Während die Zahl der Personen, die der rechts- und linksextremistischen Szene zugeordnet werden, mit 2460 und 2650 weitgehend konstant geblieben ist steigt die Zahl der Personen, die den „Reichsbürger“ und Selbstverwaltern zuzurechnen sind. Waren es 2022 noch 3300, waren es im vergangenen Jahr rund 4000. Rund 400 Personen werden dem Phänomenbereich Delegitimierung des Staates zugeordnet. Gemein ist allen Gruppierungen, dass sie viele gewaltbereite Mitglieder haben. So stieg etwa die Zahl rechtsextremistischer Gewalttaten auf 50 an, es gab rund 1800 Straftaten, die rechtsextremistisch motiviert waren. Die Zahl linksextremistischer Straftaten ging leicht zurück, doch warnt Strobl vor Verharmlosung: „Der gewaltbereite Linksextremis in Baden-Württemberg ist aus meiner Sicht nicht zu unterschätzen. Da sind Leute dabei, denen ich alles zutraue.“ Mit Blick auf Gewalt gegen Polizisten spiele Linksextremismus quantitativ eine große Rolle.

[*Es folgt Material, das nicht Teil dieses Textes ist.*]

(* Let $X$ be an absolutely continuous nonnegative random variable with finite moment of order $s+1$, where $s\geq 1$ is an integer. Then the variance of the $s$-iterated distribution induced by $X$ is $$\sigma^2_s=\frac{1}{s}\frac{\mathbb{E}X^s}{\mathbb{E}X^{s-1}}\left(\frac{2}{s+1}\frac{\mathbb{E}X^{s+1}}{\mathbb{E}X^s}-\frac{1}{s}\frac{\mathbb{E}X^s}{\mathbb{E}X^{s-1}}\right).$$
   Context: Let $X$ be a nonnegative absolutely continuous random variable with density $f_X$. Set $\overline{T}_{X,0}(x)=f_X(x)$ and $\mu_{X,0}=1$. For each integer $s\geq 1$ define recursively $\overline{T}_{X,s}(x)=\frac{1}{\mu_{X,s-1}}\int_x^\infty \overline{T}_{X,s-1}(t)\,dt$ for $x\geq 0$, and $\mu_{X,s}=\int_0^\infty \overline{T}_{X,s}(t)\,dt$ (assuming these integrals are finite). The function $\overline{T}_{X,s}$ is the tail (survival function) of a distribution on $[0,\infty)$, called the $s$-iterated distribution induced by $X$. *)

theory Defs
  imports "HOL-Probability.Probability"
begin

text \<open>Iterated tails and their means, defined jointly by primitive recursion on s:
  component 1 is the function T_{X,s}, component 2 is mu_{X,s}.\<close>

primrec iter_data :: "(real \<Rightarrow> real) \<Rightarrow> nat \<Rightarrow> (real \<Rightarrow> real) \<times> real" where
  "iter_data f 0 = (f, 1)"
| "iter_data f (Suc s) =
     (let T = fst (iter_data f s); m = snd (iter_data f s);
          T' = (\<lambda>x. (1 / m) * (LINT t:{x..}|lborel. T t))
      in (T', LINT t:{0..}|lborel. T' t))"

definition iter_tail :: "(real \<Rightarrow> real) \<Rightarrow> nat \<Rightarrow> real \<Rightarrow> real" where
  "iter_tail f s = fst (iter_data f s)"

definition iter_mean :: "(real \<Rightarrow> real) \<Rightarrow> nat \<Rightarrow> real" where
  "iter_mean f s = snd (iter_data f s)"

end

(*
  Write G_k(x) = E (X - x)_+^k. Integrating (y - t)_+^k over t in [x, oo) gives
  (y - x)_+^(k+1) / (k+1), so by Tonelli the iterated tails are
  T_{X,s}(x) = G_{s-1}(x) / E X^(s-1). If Y has tail T_{X,s}, the layer-cake
  formula E Y^p = int_0^oo p t^(p-1) P(Y > t) dt for p = 1, 2 then gives, again by Tonelli,
  E Y = E X^s / (s E X^(s-1)) and E Y^2 = 2 E X^(s+1) / (s (s+1) E X^(s-1)).
*)
theory Submission
  imports Defs
begin

definition trunc_pow :: "nat \<Rightarrow> real \<Rightarrow> real \<Rightarrow> real" where
  "trunc_pow k t y = (if t \<le> y then (y - t) ^ k else 0)"

lemma trunc_pow_nonneg [simp]: "0 \<le> trunc_pow k t y"
  by (simp add: trunc_pow_def)

lemma trunc_pow_measurable [measurable]:
  "(\<lambda>(t, y). trunc_pow k t y) \<in> borel_measurable (lborel \<Otimes>\<^sub>M lborel)"
  unfolding trunc_pow_def by measurable

lemma trunc_pow_antimono: "x \<le> x' \<Longrightarrow> trunc_pow k x' y \<le> trunc_pow k x y"
  by (auto simp: trunc_pow_def intro!: power_mono)

lemma nn_integral_trunc_pow_Ici:
  "(\<integral>\<^sup>+ t. ennreal (indicator {x..} t * trunc_pow k t y) \<partial>lborel)
     = ennreal (trunc_pow (Suc k) x y / Suc k)"
proof (cases "x \<le> y")
  case True
  define F where "F t = - ((y - t) ^ Suc k / Suc k)" for t
  have F': "(F has_real_derivative (y - t) ^ k) (at t)" for t
    unfolding F_def by (rule derivative_eq_intros refl | simp del: power_Suc of_nat_Suc)+
  have "(\<integral>\<^sup>+ t. ennreal (indicator {x..} t * trunc_pow k t y) \<partial>lborel)
      = (\<integral>\<^sup>+ t. ennreal ((y - t) ^ k) * indicator {x..y} t \<partial>lborel)"
    by (intro nn_integral_cong) (auto simp: trunc_pow_def indicator_def)
  also have "\<dots> = ennreal (F y - F x)"
    using True F' by (intro nn_integral_FTC_Icc) auto
  finally show ?thesis
    using True by (simp add: trunc_pow_def F_def)
next
  case False
  then have "(\<lambda>t. ennreal (indicator {x..} t * trunc_pow k t y)) = (\<lambda>_. 0)"
    by (auto simp: trunc_pow_def indicator_def)
  with False show ?thesis
    by (simp add: trunc_pow_def)
qed

lemma nn_integral_mult_trunc_pow:
  "(\<integral>\<^sup>+ t. ennreal (indicator {0..} t * t * trunc_pow k t y) \<partial>lborel)
     = ennreal (trunc_pow (Suc (Suc k)) 0 y / (Suc k * Suc (Suc k)))"
proof (cases "0 \<le> y")
  case True
  define F where
    "F t = - (t * (y - t) ^ Suc k / Suc k) - (y - t) ^ Suc (Suc k) / (Suc k * Suc (Suc k))" for t
  have F': "(F has_real_derivative t * (y - t) ^ k) (at t)" for t
    unfolding F_def
    apply (rule derivative_eq_intros refl | simp del: power_Suc of_nat_Suc)+
    apply (simp add: field_simps del: of_nat_Suc)
    apply (simp add: algebra_simps)
    done
  have "(\<integral>\<^sup>+ t. ennreal (indicator {0..} t * t * trunc_pow k t y) \<partial>lborel)
      = (\<integral>\<^sup>+ t. ennreal (t * (y - t) ^ k) * indicator {0..y} t \<partial>lborel)"
    by (intro nn_integral_cong) (auto simp: trunc_pow_def indicator_def)
  also have "\<dots> = ennreal (F y - F 0)"
    using True F' by (intro nn_integral_FTC_Icc) auto
  finally show ?thesis
    using True by (simp add: trunc_pow_def F_def)
next
  case False
  then have "(\<lambda>t. ennreal (indicator {0..} t * t * trunc_pow k t y)) = (\<lambda>_. 0)"
    by (auto simp: trunc_pow_def indicator_def)
  with False show ?thesis
    by (simp add: trunc_pow_def)
qed

definition stop_loss :: "(real \<Rightarrow> real) \<Rightarrow> nat \<Rightarrow> real \<Rightarrow> ennreal" where
  "stop_loss f k x = (\<integral>\<^sup>+ y. ennreal (f y * trunc_pow k x y) \<partial>lborel)"

lemma stop_loss_measurable [measurable]:
  assumes [measurable]: "f \<in> borel_measurable lborel"
  shows "stop_loss f k \<in> borel_measurable lborel"
proof -
  have "(\<lambda>x. \<integral>\<^sup>+ y. ennreal (f y * trunc_pow k x y) \<partial>lborel) \<in> borel_measurable lborel"
    by measurable
  then show ?thesis
    unfolding stop_loss_def[abs_def] .
qed

lemma stop_loss_antimono:
  assumes "\<And>y. 0 \<le> f y" and "x \<le> x'"
  shows "stop_loss f k x' \<le> stop_loss f k x"
  unfolding stop_loss_def
  using assms by (intro nn_integral_mono ennreal_leI mult_left_mono trunc_pow_antimono)

lemma nn_integral_stop_loss:
  assumes [measurable]: "f \<in> borel_measurable lborel" "q \<in> borel_measurable lborel"
    and "\<And>y. 0 \<le> f y" "\<And>t. 0 \<le> q t"
  shows "(\<integral>\<^sup>+ t. ennreal (q t) * stop_loss f k t \<partial>lborel)
    = (\<integral>\<^sup>+ y. ennreal (f y) * (\<integral>\<^sup>+ t. ennreal (q t * trunc_pow k t y) \<partial>lborel) \<partial>lborel)"
proof -
  have "(\<integral>\<^sup>+ t. ennreal (q t) * stop_loss f k t \<partial>lborel)
      = (\<integral>\<^sup>+ t. \<integral>\<^sup>+ y. ennreal (f y) * ennreal (q t * trunc_pow k t y) \<partial>lborel \<partial>lborel)"
    unfolding stop_loss_def using assms
    by (simp add: nn_integral_cmult[symmetric] ennreal_mult'[symmetric] mult_ac)
  also have "\<dots> = (\<integral>\<^sup>+ y. \<integral>\<^sup>+ t. ennreal (f y) * ennreal (q t * trunc_pow k t y) \<partial>lborel \<partial>lborel)"
    by (rule lborel_pair.Fubini'[symmetric]) measurable
  also have "\<dots> = (\<integral>\<^sup>+ y. ennreal (f y) * (\<integral>\<^sup>+ t. ennreal (q t * trunc_pow k t y) \<partial>lborel) \<partial>lborel)"
    by (simp add: nn_integral_cmult)
  finally show ?thesis .
qed

lemma nn_integral_stop_loss_Ici:
  assumes [measurable]: "f \<in> borel_measurable lborel" and "\<And>y. 0 \<le> f y"
  shows "(\<integral>\<^sup>+ t. ennreal (indicator {x..} t) * stop_loss f k t \<partial>lborel)
    = stop_loss f (Suc k) x * ennreal (1 / Suc k)"
proof -
  have "(\<integral>\<^sup>+ t. ennreal (indicator {x..} t) * stop_loss f k t \<partial>lborel)
      = (\<integral>\<^sup>+ y. ennreal (f y * trunc_pow (Suc k) x y) * ennreal (1 / Suc k) \<partial>lborel)"
    using assms
    by (simp add: nn_integral_stop_loss nn_integral_trunc_pow_Ici ennreal_mult'[symmetric])
  also have "\<dots> = stop_loss f (Suc k) x * ennreal (1 / Suc k)"
    unfolding stop_loss_def by (rule nn_integral_multc) measurable
  finally show ?thesis .
qed

lemma nn_integral_mult_stop_loss:
  assumes [measurable]: "f \<in> borel_measurable lborel" and f0: "\<And>y. 0 \<le> f y"
  shows "(\<integral>\<^sup>+ t. ennreal (indicator {0..} t * t) * stop_loss f k t \<partial>lborel)
    = stop_loss f (Suc (Suc k)) 0 * ennreal (1 / (Suc k * Suc (Suc k)))"
proof -
  have q_meas: "(\<lambda>t::real. indicator {0..} t * t) \<in> borel_measurable lborel"
    by (intro borel_measurable_times borel_measurable_indicator) auto
  have q_nonneg: "0 \<le> indicator {0..} t * t" for t :: real
    by (simp add: indicator_def)
  have "(\<integral>\<^sup>+ t. ennreal (indicator {0..} t * t) * stop_loss f k t \<partial>lborel)
      = (\<integral>\<^sup>+ y. ennreal (f y)
          * ennreal (trunc_pow (Suc (Suc k)) 0 y / (Suc k * Suc (Suc k))) \<partial>lborel)"
    by (simp only: nn_integral_stop_loss[of f, OF assms(1) q_meas f0 q_nonneg]
        nn_integral_mult_trunc_pow)
  also have "\<dots> = (\<integral>\<^sup>+ y. ennreal (f y * trunc_pow (Suc (Suc k)) 0 y)
      * ennreal (1 / (Suc k * Suc (Suc k))) \<partial>lborel)"
    using f0 by (simp add: ennreal_mult'[symmetric])
  also have "\<dots> = stop_loss f (Suc (Suc k)) 0 * ennreal (1 / (Suc k * Suc (Suc k)))"
    unfolding stop_loss_def by (rule nn_integral_multc) measurable
  finally show ?thesis .
qed

lemma set_integral_Ici_stop_loss:
  assumes [measurable]: "f \<in> borel_measurable lborel" and f0: "\<And>y. 0 \<le> f y"
    and fin: "stop_loss f k x < \<infinity>"
  shows "(LINT t:{x..}|lborel. enn2real (stop_loss f k t))
    = enn2real (stop_loss f (Suc k) x) / Suc k"
proof -
  have "(LINT t:{x..}|lborel. enn2real (stop_loss f k t))
      = enn2real (\<integral>\<^sup>+ t. ennreal (indicator {x..} t * enn2real (stop_loss f k t)) \<partial>lborel)"
    unfolding set_lebesgue_integral_def by (subst integral_eq_nn_integral) auto
  also have "(\<integral>\<^sup>+ t. ennreal (indicator {x..} t * enn2real (stop_loss f k t)) \<partial>lborel)
      = (\<integral>\<^sup>+ t. ennreal (indicator {x..} t) * stop_loss f k t \<partial>lborel)"
  proof (intro nn_integral_cong)
    fix t
    show "ennreal (indicator {x..} t * enn2real (stop_loss f k t))
        = ennreal (indicator {x..} t) * stop_loss f k t"
    proof (cases "x \<le> t")
      case True
      have "stop_loss f k t \<le> stop_loss f k x"
        using f0 True by (rule stop_loss_antimono)
      then have "stop_loss f k t < \<infinity>"
        using fin by (rule le_less_trans)
      with True show ?thesis by simp
    qed simp
  qed
  finally show ?thesis
    using assms by (simp add: nn_integral_stop_loss_Ici enn2real_mult)
qed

Ausländerbehörden stellen 104569 Anfragen für Personenüberprüfung

Auch bestehen nach wie vor Bedrohungen „von außen“, etwa durch die Nachrichtendienste anderer Staaten. Russland ist mit Cyberangriffen und Spionageaktionen nicht erst seit Beginn seines Angriffskriegs auf die Ukraine sehr aktiv. Auch andere Staaten haben Behörden, Unternehmen und Forschungseinrichtungen im Fokus. Die Spionage- und Cyberabwehr sei so gefordert wie nie zuvor seit dem Ende des Kalten Krieges, so Bube. Die Sicherheitslage ist laut Strobl nur mit genügend Ressourcen und Personal zu bewältigen. Er bat angesichts der Haushaltsberatungen um Unterstützung für eine angemessene Ausstattung des LfV. Bube schloss sich dem an und bat die Fraktionen eindringlich um Unterstützung, mit Blick auf die finanzielle und personelle Ausstattung.

Nie zuvor sei ihre Behörde stärker gefordert gewesen, sagte Bube. Grund sei die steigende Zahl an Extremisten in allen Bereichen, das sei ein Situation, wie sie sie bisher nicht erlebt habe. So sei etwa die Zahl der Personenüberprüfungen sprunghaft angestiegen. Allein die Ausländerbehörden stellten 104 569 Anfragen ans LfV.